Carvana PPA Tour
Courtesy: Carvana PPA Tour
Professional Pickleball is getting a dedicated home: The Tennis Channel.
The PPA Tour and Tennis Channel announced on Tuesday they are teaming up via a joint venture in a push to further grow and popularize the sport that has been picking up steam in the U.S.
As part of the partnership, Tennis Channel will produce all PPA Tour events and have the rights to broadcast a vast majority of them on its pay-TV network and streaming platforms.
“It’s going to create so much more access for people,” PPA Tour owner Tom Dundon told CNBC. “I think this makes it way easier to bring to the masses.”
The pair will also create pickleballtv, a 24/7 standalone free, ad-supported streaming channel featuring matches as well as entertainment surrounding the sport.
Studio rendering of pickleballtv
Source: Tennis Channel
For the PPA Tour, the joint venture will allow Tennis Channel to take the reigns on producing all of its content both for its own platforms as well as the Tour’s other media partners, including Disney‘s ESPN, Paramount‘s CBS and Prime Video.
“A lot of emerging sports sometimes have trouble with production, quality and consistency,” said Dundon. “So when we deliver a program to Fox or ESPN, they know it’s perfect.

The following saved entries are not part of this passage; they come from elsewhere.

locale fobj_line_search_tau_small =
  fobj_line_search a c1 c2 tau i1 for a c1 c2 tau :: real and i1 :: "'n::finite" +
  assumes tau_le: "tau \<le> -1/2"
begin

definition halvings :: "real \<Rightarrow> nat" where
  "halvings r = (LEAST j. (1/2::real)^j * (1 + tau) \<le> 2 * r)"

definition doublings :: "real \<Rightarrow> nat" where
  "doublings r = (LEAST m. r < (2::real)^m)"

definition step_size :: "real \<Rightarrow> real" where
  "step_size r = (if r < 1 then (1/2)^halvings r else 2^doublings r)"

text \<open>In the settled region both \<open>r\<close> and \<open>1 - r\<close> accept the unit step, which swaps them.\<close>

definition settled :: "real \<Rightarrow> bool" where
  "settled r \<longleftrightarrow> r < 1 \<and> 1 + tau \<le> 2 * r \<and> 1 + tau \<le> 2 * (1 - r)"

lemma halvings_spec: "r > 0 \<Longrightarrow> (1/2::real)^halvings r * (1 + tau) \<le> 2 * r"
  unfolding halvings_def
proof (rule LeastI_ex)
  assume r: "r > 0"
  show "\<exists>j. (1/2::real)^j * (1 + tau) \<le> 2 * r"
  proof (cases "1 + tau \<le> 0")
    case True
    with r show ?thesis
      by (intro exI[of _ 0]) auto
  next
    case False
    then obtain j where "(1/2::real)^j < 2 * r / (1 + tau)"
      using real_arch_pow_inv[of "2 * r / (1 + tau)" "1/2"] r by auto
    with False show ?thesis
      by (intro exI[of _ j]) (simp add: field_simps)
  qed
qed

lemma halvings_min: "i < halvings r \<Longrightarrow> 2 * r < (1/2::real)^i * (1 + tau)"
  unfolding halvings_def using not_less_Least by force

lemma halvings_min_large: "i < halvings r \<Longrightarrow> 4 * r < (1/2::real)^i"
proof -
  assume "i < halvings r"
  moreover have "(1/2::real)^i * (1 + tau) \<le> (1/2)^i * (1/2)"
    using tau_le by (intro mult_left_mono) auto
  ultimately show ?thesis
    using halvings_min[of i r] by linarith
qed

lemma doublings_spec: "r < (2::real)^doublings r"
proof -
  obtain n where "r < (2::real)^n"
    using real_arch_pow[of 2 r] by auto
  then show ?thesis
    unfolding doublings_def by (rule LeastI)
qed

lemma doublings_Suc:
  assumes "1 \<le> r"
  obtains k where "doublings r = Suc k" and "(2::real)^k \<le> r"
proof -
  have "doublings r \<noteq> 0"
    using doublings_spec[of r] assms by (cases "doublings r") auto
  then obtain k where k: "doublings r = Suc k"
    using not0_implies_Suc by blast
  then have "\<not> r < (2::real)^k"
    unfolding doublings_def using not_less_Least by (metis lessI)
  with k that show ?thesis
    by simp
qed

It makes it a lot easier for them to want to carry us and cover us.”
While terms of the deal weren’t disclosed, the agreement allows Tennis Channel owner Sinclair to retain the option of an equity stake in Pickleball.com, the parent company of the PPA Tour. Dundon added it’s a 50-50 partnership between the two entities, noting the PPA Tour will put the capital in and Tennis Channel will bring its production and media expertise.
“If you look at what Apple did with [Major League Soccer], the MLS does all of the production. So I think we’re just consistent with where the [media] world’s going where we can produce it cheaper, with scale,” Dundon said.
He foresees the joint venture propelling further media rights deals with the help of Tennis Channel executives that are familiar with TV carriage negotiations and building up streaming platforms.
“This partnership is really the seminal moment for what is still in many ways the nation’s sport…And we get to take 20 years of right decisions and mistakes and apply them directly to expand pickleball and the PPA,” Ken Solomon, Tennis Channel president, told CNBC.
Tennis Channel will have the rights to show most PPA Tour matches, and those that air live on other media networks will be shown on a same-day delay and will be available on-demand on Tennis Channel platforms.
Pickleball is not new to the 20-year-old Tennis Channel. The network first aired a PPA Tour event in 2021 and expanded its coverage of pickleball in 2022.
Solomon said pickleball ratings have been strong to date. There are 25 PPA Tour events on the 2023 calendar. The network already produces events for the PPA Tour, Dundon added.
The joint venture will also allow Tennis Channel to use its marketing and advertising prowess to sell pickleball to sponsors and advertisers by combining their offerings.
Solomon said for traditional tennis fans, they don’t have to worry about the paddle sport taking over the bread and butter of their network. The network will not air pickleball in time periods where they have rights to live tennis.
“These things, [tennis and pickleball], go together beautifully. It’s like peas and carrots,” he said.
Solomon said the Tennis Channel is currently looking at broadcast enhancements through cameras, the use of artificial intelligence, and a jib shot at the net that will allow the audience to see the tension of patience versus pulling the trigger with a slam or drive.
It’s been a busy few months for professional pickleball. The PPA Tour, which is a tour-style format pitting the best players in the world against each other, and Major League Pickleball, which features team play, announced earlier this month they are merging. This followed a dramatic few weeks of uncertainty surrounding the future of the professional sport as the leagues engaged in a spending war to compete against each other.
In the last few years, pickleball has seen unprecedented growth as professionals and amateurs turn to the sport in droves. According to the annual Sports & Fitness Industry Association Topline Report, pickleball has seen 159% growth over the past three years. Last year, 36 million people played the sport, leading to the growth of both public and private courts all over the country.
The sport has also attracted big name players like Bill Gates and the Kardashians to celebrity owners like LeBron James, Patrick Mahomes and Kevin Durant.